---- INPUT MATERIAL
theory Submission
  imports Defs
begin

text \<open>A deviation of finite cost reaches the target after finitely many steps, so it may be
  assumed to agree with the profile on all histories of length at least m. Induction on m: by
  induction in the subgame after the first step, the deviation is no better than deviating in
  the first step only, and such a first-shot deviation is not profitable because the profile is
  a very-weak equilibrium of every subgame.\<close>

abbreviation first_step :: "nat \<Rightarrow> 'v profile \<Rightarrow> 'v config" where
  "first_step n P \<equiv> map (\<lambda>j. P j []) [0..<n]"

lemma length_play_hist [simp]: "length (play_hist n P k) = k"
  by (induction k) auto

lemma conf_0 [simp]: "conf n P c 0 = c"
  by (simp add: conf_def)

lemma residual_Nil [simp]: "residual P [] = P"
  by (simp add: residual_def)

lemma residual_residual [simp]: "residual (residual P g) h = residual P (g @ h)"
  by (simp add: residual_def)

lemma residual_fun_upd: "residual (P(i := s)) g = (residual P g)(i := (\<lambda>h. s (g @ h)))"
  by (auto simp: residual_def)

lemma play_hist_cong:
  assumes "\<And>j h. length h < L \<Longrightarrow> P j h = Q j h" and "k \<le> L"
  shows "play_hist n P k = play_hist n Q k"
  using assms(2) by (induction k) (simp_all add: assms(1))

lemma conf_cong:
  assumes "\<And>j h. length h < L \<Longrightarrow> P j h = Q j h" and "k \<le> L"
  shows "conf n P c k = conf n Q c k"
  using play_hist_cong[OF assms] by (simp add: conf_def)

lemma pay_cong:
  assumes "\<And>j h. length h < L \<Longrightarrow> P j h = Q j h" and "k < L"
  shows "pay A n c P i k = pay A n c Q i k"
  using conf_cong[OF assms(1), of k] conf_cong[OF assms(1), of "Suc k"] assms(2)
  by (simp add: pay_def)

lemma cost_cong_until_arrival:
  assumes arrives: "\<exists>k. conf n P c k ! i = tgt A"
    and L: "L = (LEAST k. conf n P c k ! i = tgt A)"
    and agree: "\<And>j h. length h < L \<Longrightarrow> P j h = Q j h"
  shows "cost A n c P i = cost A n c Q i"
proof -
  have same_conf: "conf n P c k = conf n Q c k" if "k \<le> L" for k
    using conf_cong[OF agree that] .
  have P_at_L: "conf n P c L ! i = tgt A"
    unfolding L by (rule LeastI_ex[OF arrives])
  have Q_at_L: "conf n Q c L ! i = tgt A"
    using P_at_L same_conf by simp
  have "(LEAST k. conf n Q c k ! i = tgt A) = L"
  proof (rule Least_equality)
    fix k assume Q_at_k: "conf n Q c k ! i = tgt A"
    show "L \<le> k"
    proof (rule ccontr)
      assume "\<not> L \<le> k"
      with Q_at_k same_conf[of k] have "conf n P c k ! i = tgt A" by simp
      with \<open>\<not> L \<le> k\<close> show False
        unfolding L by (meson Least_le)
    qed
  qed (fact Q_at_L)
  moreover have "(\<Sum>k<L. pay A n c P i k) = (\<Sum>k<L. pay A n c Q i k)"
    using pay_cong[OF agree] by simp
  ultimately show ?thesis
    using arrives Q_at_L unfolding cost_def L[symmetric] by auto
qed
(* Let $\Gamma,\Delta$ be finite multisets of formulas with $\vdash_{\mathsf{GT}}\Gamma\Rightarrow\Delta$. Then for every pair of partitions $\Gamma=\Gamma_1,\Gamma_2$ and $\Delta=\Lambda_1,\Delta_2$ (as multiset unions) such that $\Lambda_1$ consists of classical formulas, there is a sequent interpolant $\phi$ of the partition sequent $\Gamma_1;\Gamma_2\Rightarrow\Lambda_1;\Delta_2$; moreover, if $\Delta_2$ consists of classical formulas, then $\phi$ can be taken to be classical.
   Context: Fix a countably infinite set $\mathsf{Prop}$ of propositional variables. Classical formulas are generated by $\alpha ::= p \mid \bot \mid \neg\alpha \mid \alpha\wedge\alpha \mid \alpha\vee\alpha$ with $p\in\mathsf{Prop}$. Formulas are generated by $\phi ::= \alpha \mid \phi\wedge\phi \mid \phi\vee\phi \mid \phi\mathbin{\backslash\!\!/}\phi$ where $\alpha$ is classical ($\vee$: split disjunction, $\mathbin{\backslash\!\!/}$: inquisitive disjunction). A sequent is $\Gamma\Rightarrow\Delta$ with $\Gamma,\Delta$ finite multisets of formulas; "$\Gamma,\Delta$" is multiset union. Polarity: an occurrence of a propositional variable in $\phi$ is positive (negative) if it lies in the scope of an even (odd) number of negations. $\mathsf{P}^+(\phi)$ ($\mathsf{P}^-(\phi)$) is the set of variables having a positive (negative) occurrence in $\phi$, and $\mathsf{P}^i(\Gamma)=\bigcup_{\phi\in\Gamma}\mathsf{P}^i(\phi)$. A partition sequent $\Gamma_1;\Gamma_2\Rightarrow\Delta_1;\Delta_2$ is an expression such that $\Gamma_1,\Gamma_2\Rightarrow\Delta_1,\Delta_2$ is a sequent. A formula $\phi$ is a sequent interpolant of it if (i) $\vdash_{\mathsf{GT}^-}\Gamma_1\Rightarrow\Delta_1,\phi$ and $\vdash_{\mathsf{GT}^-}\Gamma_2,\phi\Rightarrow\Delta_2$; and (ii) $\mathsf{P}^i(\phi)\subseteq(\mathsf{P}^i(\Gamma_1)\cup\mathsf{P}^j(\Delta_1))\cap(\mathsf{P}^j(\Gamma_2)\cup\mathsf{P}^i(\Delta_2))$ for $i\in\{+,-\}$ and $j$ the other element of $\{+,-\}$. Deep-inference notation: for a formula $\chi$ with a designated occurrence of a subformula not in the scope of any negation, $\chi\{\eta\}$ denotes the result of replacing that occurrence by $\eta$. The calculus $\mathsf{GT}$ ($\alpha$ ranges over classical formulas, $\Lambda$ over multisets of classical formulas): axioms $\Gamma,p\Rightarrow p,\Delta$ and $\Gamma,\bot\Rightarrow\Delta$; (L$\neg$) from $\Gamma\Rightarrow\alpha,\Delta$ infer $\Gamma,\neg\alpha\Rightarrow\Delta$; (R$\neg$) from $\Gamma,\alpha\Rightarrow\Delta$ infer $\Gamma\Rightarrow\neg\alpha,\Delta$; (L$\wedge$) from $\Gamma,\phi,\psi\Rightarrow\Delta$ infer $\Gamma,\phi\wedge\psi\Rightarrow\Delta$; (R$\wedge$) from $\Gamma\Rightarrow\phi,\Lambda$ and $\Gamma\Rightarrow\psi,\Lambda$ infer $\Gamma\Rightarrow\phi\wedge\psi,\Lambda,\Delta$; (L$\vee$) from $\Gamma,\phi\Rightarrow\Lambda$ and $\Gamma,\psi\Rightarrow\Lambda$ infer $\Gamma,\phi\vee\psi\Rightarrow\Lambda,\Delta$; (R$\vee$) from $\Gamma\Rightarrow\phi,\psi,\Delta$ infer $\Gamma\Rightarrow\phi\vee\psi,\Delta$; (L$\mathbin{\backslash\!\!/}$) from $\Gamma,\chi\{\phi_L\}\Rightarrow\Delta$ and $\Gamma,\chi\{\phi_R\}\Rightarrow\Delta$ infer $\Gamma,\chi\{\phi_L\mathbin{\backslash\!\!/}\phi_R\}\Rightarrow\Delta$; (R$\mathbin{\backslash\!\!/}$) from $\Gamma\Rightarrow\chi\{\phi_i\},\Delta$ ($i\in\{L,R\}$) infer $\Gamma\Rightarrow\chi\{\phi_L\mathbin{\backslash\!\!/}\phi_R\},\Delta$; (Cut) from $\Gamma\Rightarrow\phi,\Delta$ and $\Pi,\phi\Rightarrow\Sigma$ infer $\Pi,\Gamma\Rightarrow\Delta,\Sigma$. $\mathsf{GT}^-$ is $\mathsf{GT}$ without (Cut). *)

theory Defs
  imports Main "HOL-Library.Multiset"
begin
--------
WORK TO BE COMPLETED — Please give again the lines above between the line holding "using play_hist_cong[OF assms]" and the line holding "P i k = pay", inclusive, exactly as they are and with nothing added.

TASK SOLUTION —
  using play_hist_cong[OF assms] by (simp add: conf_def)

lemma pay_cong:
  assumes "\<And>j h. length h < L \<Longrightarrow> P j h = Q j h" and "k < L"
  shows "pay A n c P i k = pay A n c Q i k"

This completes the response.